▶ [INSTRUCTIONS FOR THE TASK]:
Transcribe all of the listing below in full.

------------------------------------------------------------

lemma transpose_diff: "transpose ((A::'a::ab_group_add^'n^'m) - B) = transpose A - transpose B"
  by (simp add: transpose_def vec_eq_iff)

lemma matrix_add_rdistrib: "((A::'a::semiring_1^'n^'m) + B) ** C = A ** C + B ** C"
  by (simp add: matrix_matrix_mult_def vec_eq_iff sum.distrib algebra_simps)

lemma matrix_diff_ldistrib: "(A::'a::ring_1^'n^'m) ** (B - C) = A ** B - A ** C"
  by (simp add: matrix_matrix_mult_def vec_eq_iff sum_subtractf algebra_simps)

lemma matrix_diff_rdistrib: "((A::'a::ring_1^'n^'m) - B) ** C = A ** C - B ** C"
  by (simp add: matrix_matrix_mult_def vec_eq_iff sum_subtractf algebra_simps)

lemma matrix_uminus_mult: "(- (A::'a::ring_1^'n^'m)) ** B = - (A ** B)"
  by (simp add: matrix_matrix_mult_def vec_eq_iff sum_negf)

lemma matrix_mult_uminus: "(A::'a::ring_1^'n^'m) ** (- B) = - (A ** B)"
  by (simp add: matrix_matrix_mult_def vec_eq_iff sum_negf)

lemma matrix_vector_mult_uminus_left: "(- M) *v x = - (M *v (x::'a::ring_1^'n))"
  by (simp add: matrix_vector_mult_def vec_eq_iff sum_negf)

lemma bounded_linear_matrix_vector_mult_left:
  "bounded_linear (\<lambda>M::real^'n::finite^'m::finite. M *v x)"
  by (rule linear_conv_bounded_linear[THEN iffD1], rule linearI)
    (simp_all add: matrix_vector_mult_add_rdistrib scaleR_matrix_vector_assoc)

lemma inner_matrix_vector_left: "(M *v u) \<bullet> y = u \<bullet> (transpose M *v (y::real^'n::finite))"
  by (metis dot_lmul_matrix vector_transpose_matrix)

lemma inner_matrix_vector_expand:
  "(x::real^'a::finite) \<bullet> (W *v x) = (\<Sum>p\<in>UNIV. x$p * (\<Sum>q\<in>UNIV. W$p$q * x$q))"
  by (simp add: inner_vec_def matrix_vector_mult_def)

lemma sum_UNIV_prod: "(\<Sum>p\<in>UNIV. f p) = (\<Sum>i\<in>UNIV. \<Sum>k\<in>UNIV. f (i, k))"
  by (simp add: sum.cartesian_product UNIV_Times_UNIV)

------------------------------------------------------------

▶ [FINISHED EXERCISE]:
lemma transpose_diff: "transpose ((A::'a::ab_group_add^'n^'m) - B) = transpose A - transpose B"
  by (simp add: transpose_def vec_eq_iff)

lemma matrix_add_rdistrib: "((A::'a::semiring_1^'n^'m) + B) ** C = A ** C + B ** C"
  by (simp add: matrix_matrix_mult_def vec_eq_iff sum.distrib algebra_simps)

lemma matrix_diff_ldistrib: "(A::'a::ring_1^'n^'m) ** (B - C) = A ** B - A ** C"
  by (simp add: matrix_matrix_mult_def vec_eq_iff sum_subtractf algebra_simps)

lemma matrix_diff_rdistrib: "((A::'a::ring_1^'n^'m) - B) ** C = A ** C - B ** C"
  by (simp add: matrix_matrix_mult_def vec_eq_iff sum_subtractf algebra_simps)

lemma matrix_uminus_mult: "(- (A::'a::ring_1^'n^'m)) ** B = - (A ** B)"
  by (simp add: matrix_matrix_mult_def vec_eq_iff sum_negf)

lemma matrix_mult_uminus: "(A::'a::ring_1^'n^'m) ** (- B) = - (A ** B)"
  by (simp add: matrix_matrix_mult_def vec_eq_iff sum_negf)

lemma matrix_vector_mult_uminus_left: "(- M) *v x = - (M *v (x::'a::ring_1^'n))"
  by (simp add: matrix_vector_mult_def vec_eq_iff sum_negf)

lemma bounded_linear_matrix_vector_mult_left:
  "bounded_linear (\<lambda>M::real^'n::finite^'m::finite. M *v x)"
  by (rule linear_conv_bounded_linear[THEN iffD1], rule linearI)
    (simp_all add: matrix_vector_mult_add_rdistrib scaleR_matrix_vector_assoc)

lemma inner_matrix_vector_left: "(M *v u) \<bullet> y = u \<bullet> (transpose M *v (y::real^'n::finite))"
  by (metis dot_lmul_matrix vector_transpose_matrix)

lemma inner_matrix_vector_expand:
  "(x::real^'a::finite) \<bullet> (W *v x) = (\<Sum>p\<in>UNIV. x$p * (\<Sum>q\<in>UNIV. W$p$q * x$q))"
  by (simp add: inner_vec_def matrix_vector_mult_def)

lemma sum_UNIV_prod: "(\<Sum>p\<in>UNIV. f p) = (\<Sum>i\<in>UNIV. \<Sum>k\<in>UNIV. f (i, k))"
  by (simp add: sum.cartesian_product UNIV_Times_UNIV)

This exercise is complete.